HCLSIG/LODD/Meetings/2009-04-15 Conference Call
Conference Details
- Date of Call: Wednesday April 15, 2009
- Time of Call: 11:00am Eastern Daylight Time (EDT), 16:00 British Summer Time (BST), 17:00 Central European Time (CET)
- Dial-In #: +1.617.761.6200 (Cambridge, MA)
- Dial-In #: +33.4.89.06.34.99 (Nice, France)
- Dial-In #: +44.117.370.6152 (Bristol, UK)
- Participant Access Code: 4257 ("HCLS").
- IRC Channel: irc.w3.org port 6665 channel #HCLS (see W3C IRC page for details, or see Web IRC)
- Duration: ~1h
- Convener: Susie
Agenda
- Overview of Lilly's internal Linked Data project - William
- Prioritized Questions for identifying data sources - Bosse & Susie
- Linking TCM into LODD Cloud - Jun & Kei
- Updating the HCLS KB with the LODD data sets - Matthias
- iTriplification Challenge - All
- AOB
Minutes
(also available in scribe-bot HTML)
Attendees: William, Bosse, Harold, Matthias, Anja, Oktie, Kei, Jun, Scott, EricP, Dave, Susie
Apologies: Chris
<matthias_samwald> topic: Overview of Lilly's internal Linked Data project
<matthias_samwald> William Sanchez: we have several projects making use of linked data at Lilly.

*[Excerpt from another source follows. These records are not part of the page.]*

(* Let $D$ be a finite index set and, for each $H\in D$, let $T_H(\mathbf{X})=\sum_{i=1}^{M_H}\theta_{H,i}\,\varphi_i^H(\mathbf{X})$ for $\mathbf{X}\in\mathbb{R}^D$, where each $\varphi_i^H(\mathbf{X})$ is a product of finitely many constants from $[0,1]$ and finitely many components $X_C$ ($C\in D$) of $\mathbf{X}$, and where (generative exclusiveness condition) for each $H$ the numbers $\theta_{H,1},\dots,\theta_{H,M_H}$ are the probabilities of pairwise distinct values $v_1,\dots,v_{M_H}$ of a single discrete random variable (so $\theta_{H,i}\ge 0$ and $\sum_{i=1}^{M_H}\theta_{H,i}\le 1$). Let $T=(T_H)_{H\in D}$, and define $\mathbf{X}_0=\mathbf{0}$ and $\mathbf{X}_{k+1}=T(\mathbf{X}_k)$ for $k\ge 0$. Then $\mathbf{X}_k\le\mathbf{1}$ for every $k\ge 0$.
   Context: Vectors are compared componentwise; $\mathbf{0}$ and $\mathbf{1}$ denote the all-zero and all-one vectors in $\mathbb{R}^D$. The system $\mathbf{X}=T(\mathbf{X})$ is the set of probability equations derived from an explanation graph: $X_H$ is the unknown probability of a goal $H$, and the disjuncts of the defining formula of $H$ are each selected by a distinct outcome $v_i$ of one probabilistic switch with probability $\theta_{H,i}$. *)

theory Defs
  imports "HOL-Probability.Probability"
begin

text \<open>The term \<phi>_i^H(X): a product of finitely many constants (list cs)
  and finitely many components X_C (list of indices idx, repetitions allowed).\<close>
definition monomial :: "real list \<Rightarrow> 'd list \<Rightarrow> ('d \<Rightarrow> real) \<Rightarrow> real" where
  "monomial cs idx X = prod_list cs * prod_list (map X idx)"

text \<open>T_H(X) = sum_{i=1}^{M_H} theta_{H,i} phi_i^H(X), indices shifted to 0..M_H-1.\<close>
definition T_op :: "('d \<Rightarrow> nat) \<Rightarrow> ('d \<Rightarrow> nat \<Rightarrow> real) \<Rightarrow> ('d \<Rightarrow> nat \<Rightarrow> real list)
    \<Rightarrow> ('d \<Rightarrow> nat \<Rightarrow> 'd list) \<Rightarrow> ('d \<Rightarrow> real) \<Rightarrow> ('d \<Rightarrow> real)" where
  "T_op M \<theta> cs idx X = (\<lambda>H. \<Sum>i<M H. \<theta> H i * monomial (cs H i) (idx H i) X)"

end

theory Submission
  imports Defs
begin

text \<open>Each \<open>\<phi>\<^sub>i\<^sup>H\<close> maps the unit cube \<open>[0,1]\<^sup>D\<close> into \<open>[0,1]\<close>, and generative exclusiveness
  makes \<open>T\<^sub>H\<close> a sub-convex combination of them, so \<open>T\<close> maps the cube into itself.
  Since \<open>\<zero>\<close> lies in the cube, so do all iterates \<open>X\<^sub>k\<close>.\<close>

lemma prod_list_unit_interval:
  assumes "\<And>c. c \<in> set xs \<Longrightarrow> 0 \<le> c \<and> c \<le> (1::real)"
  shows "0 \<le> prod_list xs \<and> prod_list xs \<le> 1"
  using assms
proof (induction xs)
  case Nil
  then show ?case by simp
next
  case (Cons a xs)
  then have "0 \<le> a" "a \<le> 1" "0 \<le> prod_list xs" "prod_list xs \<le> 1" by auto
  then show ?case by (simp add: mult_le_one)
qed

lemma monomial_unit_interval:
  assumes "\<And>c. c \<in> set cs \<Longrightarrow> 0 \<le> c \<and> c \<le> 1"
    and "\<And>C. 0 \<le> X C \<and> X C \<le> 1"
  shows "0 \<le> monomial cs idx X \<and> monomial cs idx X \<le> 1"
proof -
  have "0 \<le> prod_list cs \<and> prod_list cs \<le> 1"
    using assms(1) by (rule prod_list_unit_interval)
  moreover have "0 \<le> prod_list (map X idx) \<and> prod_list (map X idx) \<le> 1"
    using assms(2) by (intro prod_list_unit_interval) auto
  ultimately show ?thesis
    unfolding monomial_def by (simp add: mult_le_one)
qed

lemma sum_pmf_inj_on_le_1:
  assumes "finite A" "inj_on f A"
  shows "(\<Sum>i\<in>A. pmf p (f i)) \<le> 1"
proof -
  have "(\<Sum>i\<in>A. pmf p (f i)) = sum (pmf p) (f ` A)"
    using sum.reindex[OF assms(2), of "pmf p"] by simp
  also have "\<dots> = measure_pmf.prob p (f ` A)"
    using assms(1) by (simp add: measure_measure_pmf_finite)
  also have "\<dots> \<le> 1"
    by simp
  finally show ?thesis .
qed

lemma T_op_unit_interval:
  assumes const_range: "\<And>H i c. i < M H \<Longrightarrow> c \<in> set (cs H i) \<Longrightarrow> 0 \<le> c \<and> c \<le> 1"
    and theta_nonneg: "\<And>H i. i < M H \<Longrightarrow> 0 \<le> \<theta> H i"
    and theta_sum: "\<And>H. (\<Sum>i<M H. \<theta> H i) \<le> 1"
    and X: "\<And>C. 0 \<le> X C \<and> X C \<le> 1"
  shows "0 \<le> T_op M \<theta> cs idx X H \<and> T_op M \<theta> cs idx X H \<le> 1"
proof -
  have mono: "0 \<le> monomial (cs H i) (idx H i) X \<and> monomial (cs H i) (idx H i) X \<le> 1"
    if "i < M H" for i
    using const_range[OF that] X by (rule monomial_unit_interval)
  have "0 \<le> T_op M \<theta> cs idx X H"
    unfolding T_op_def using mono theta_nonneg by (auto intro!: sum_nonneg)
  moreover have "T_op M \<theta> cs idx X H \<le> (\<Sum>i<M H. \<theta> H i)"
    unfolding T_op_def
    by (rule sum_mono) (use mono theta_nonneg in \<open>auto intro: mult_left_le\<close>)
  ultimately show ?thesis
    using theta_sum[of H] by linarith
qed

theorem lemma2:
  fixes M :: "'d::finite \<Rightarrow> nat"
    and \<theta> :: "'d \<Rightarrow> nat \<Rightarrow> real"
    and cs :: "'d \<Rightarrow> nat \<Rightarrow> real list"
    and idx :: "'d \<Rightarrow> nat \<Rightarrow> 'd list"
    and p :: "'d \<Rightarrow> 'v pmf"
    and v :: "'d \<Rightarrow> nat \<Rightarrow> 'v"
  assumes const_range: "\<And>H i c. i < M H \<Longrightarrow> c \<in> set (cs H i) \<Longrightarrow> 0 \<le> c \<and> c \<le> 1"
    and distinct_vals: "\<And>H. inj_on (v H) {..<M H}"
    and theta_prob: "\<And>H i. i < M H \<Longrightarrow> \<theta> H i = pmf (p H) (v H i)"
  shows "\<forall>k H. ((T_op M \<theta> cs idx ^^ k) (\<lambda>_. 0)) H \<le> 1"
proof -
  have theta_nonneg: "0 \<le> \<theta> H i" if "i < M H" for H i
    using theta_prob[OF that] by simp
  have theta_sum: "(\<Sum>i<M H. \<theta> H i) \<le> 1" for H
    using sum_pmf_inj_on_le_1[OF _ distinct_vals, of H "p H"] theta_prob by simp
  have "0 \<le> ((T_op M \<theta> cs idx ^^ k) (\<lambda>_. 0)) H \<and> ((T_op M \<theta> cs idx ^^ k) (\<lambda>_. 0)) H \<le> 1"
    for k H
  proof (induction k arbitrary: H)
    case 0
    then show ?case by simp
  next
    case (Suc k)
    then show ?case
      using T_op_unit_interval[of M cs \<theta>, OF const_range theta_nonneg theta_sum] by simp
  qed
  then show ?thesis by blast
qed

end
lemma rho_invariant_angulation_of_dvd:
  assumes "2 \<le> l" and dvd: "N dvd 2 * n \<or> N dvd gcd (d + 1) (2 * (l - 1)) * n"
  obtains T where "angulation d N T" "(rho_set N ^^ (n * (d - 1))) T = T"
proof -
  have "d + 1 = (d - 1) + 2" using two_le_d by simp
  then obtain k p q where fan: "1 \<le> p" "1 \<le> q" "N = k * ((d - 1) * q + p)"
      "(d - 1) * q + p dvd n * (d - 1)"
      "(k * p = d + 1 \<and> k * q = l - 1) \<or> (k = 2 \<and> p = 1 \<and> 2 * q = l)"
    using fan_parameters_of_dvd[of l "d - 1" n] assms N_eq by metis
  define P where "P = (d - 1) * q + p"
  define T where "T = fan_family k P (d - 1) q"
  have ang: "angulation d N T"
    unfolding T_def using angulation_fan_family[OF P_def] fan unfolding P_def by blast
  have "0 < k" using fan(3) N_eq by (cases k) auto
  then have "rot N P ` T = T" unfolding T_def fan(3) P_def[symmetric] by (rule fan_family_rot)
  moreover have sub: "\<forall>D\<in>T. D \<subseteq> {..<N}"
    using ang unfolding angulation_def partial_angulation_def is_diag_def by auto
  moreover obtain c where "n * (d - 1) = P * c" using fan(4) unfolding P_def by blast
  ultimately have "rot N (n * (d - 1) * (N - 1)) ` T = T"
    using rot_image_mult[of T N P "c * (N - 1)"] by (simp add: ac_simps)
  then have "(rho_set N ^^ (n * (d - 1))) T = T" using funpow_rho_set[OF sub] N_eq by simp
  with ang show ?thesis by (rule that)
qed

lemma rho_invariant_angulation_iff:
  assumes "2 \<le> l"
  shows "(\<exists>T. angulation d N T \<and> (rho_set N ^^ (n * (d - 1))) T = T)
    \<longleftrightarrow> N dvd 2 * n \<or> N dvd gcd (d + 1) (2 * (l - 1)) * n"
proof
  assume "\<exists>T. angulation d N T \<and> (rho_set N ^^ (n * (d - 1))) T = T"
  then show "N dvd 2 * n \<or> N dvd gcd (d + 1) (2 * (l - 1)) * n"
    using dvd_of_rho_invariant_angulation by blast
next
  assume "N dvd 2 * n \<or> N dvd gcd (d + 1) (2 * (l - 1)) * n"
  then obtain T where "angulation d N T" "(rho_set N ^^ (n * (d - 1))) T = T"
    by (rule rho_invariant_angulation_of_dvd[OF assms])
  then show "\<exists>T. angulation d N T \<and> (rho_set N ^^ (n * (d - 1))) T = T" by blast
qed

end

lemma angulation_digon: "angulation d 2 {}"
  unfolding angulation_def partial_angulation_def is_diag_def by auto

theorem mainTheorem9:
  fixes d l n :: nat
  assumes "d \<ge> 1" and "l \<ge> 2" and "n \<ge> 1"
  shows "(\<exists>T. angulation d ((d - 1) * l + 2) T \<and>
            (rho_set ((d - 1) * l + 2) ^^ (n * (d - 1))) T = T)
         \<longleftrightarrow> (((d - 1) * l + 2) dvd (2 * n) \<or>
              ((d - 1) * l + 2) dvd (gcd (d + 1) (2 * (l - 1)) * n))"
proof (cases "d = 1")
  case True
  then have N: "(d - 1) * l + 2 = 2" and j: "n * (d - 1) = 0" by simp_all
  have "angulation d ((d - 1) * l + 2) {} \<and> (rho_set ((d - 1) * l + 2) ^^ (n * (d - 1))) {} = {}"
    unfolding N j using angulation_digon by simp
  moreover have "(d - 1) * l + 2 dvd 2 * n" unfolding N by simp
  ultimately show ?thesis by (intro iffI disjI1 exI) simp_all
next
  case False
  then have "2 \<le> d" using assms(1) by simp
  moreover have "1 \<le> l" using assms(2) by simp
  ultimately show ?thesis using rho_invariant_angulation_iff assms(2) by simp
qed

<matthias_samwald> ... currently we are analysing internal as well as external data
<matthias_samwald> ... PubMed and other datasources
<matthias_samwald> ... normally this is a very manual process
<matthias_samwald> ... we are extending public datasources with proprietary datasources
<matthias_samwald> ... we test browsers like Marbles, Longwell, Visinav
<matthias_samwald> ... we test ontologies like UMBEL and VoiD
<matthias_samwald> William: we are doing another project in conjunction with SDD
<matthias_samwald> ... a document management system
<matthias_samwald> ... the product has some in-built metadata capabilities
<matthias_samwald> ... there are descriptions for individual datasets, but no inter-dataset relationships
<matthias_samwald> ... we want to build a layer on top to integrate
<matthias_samwald> ... we use a JDBC interface to access
<matthias_samwald> ... we were able to access the datasets with D2R
<matthias_samwald> ... the next thing we need to do is to create mapping files. there are thousands of datasets
<matthias_samwald> ... another thing we did: we extend Spotfire to create a SPARQL endpoint
<matthias_samwald> ... any user can submit any query to any datasource
<matthias_samwald> ... we are in contact with the developers of Spotfire to get this into the product
<matthias_samwald> Anja: how are you going to develop the mapping files?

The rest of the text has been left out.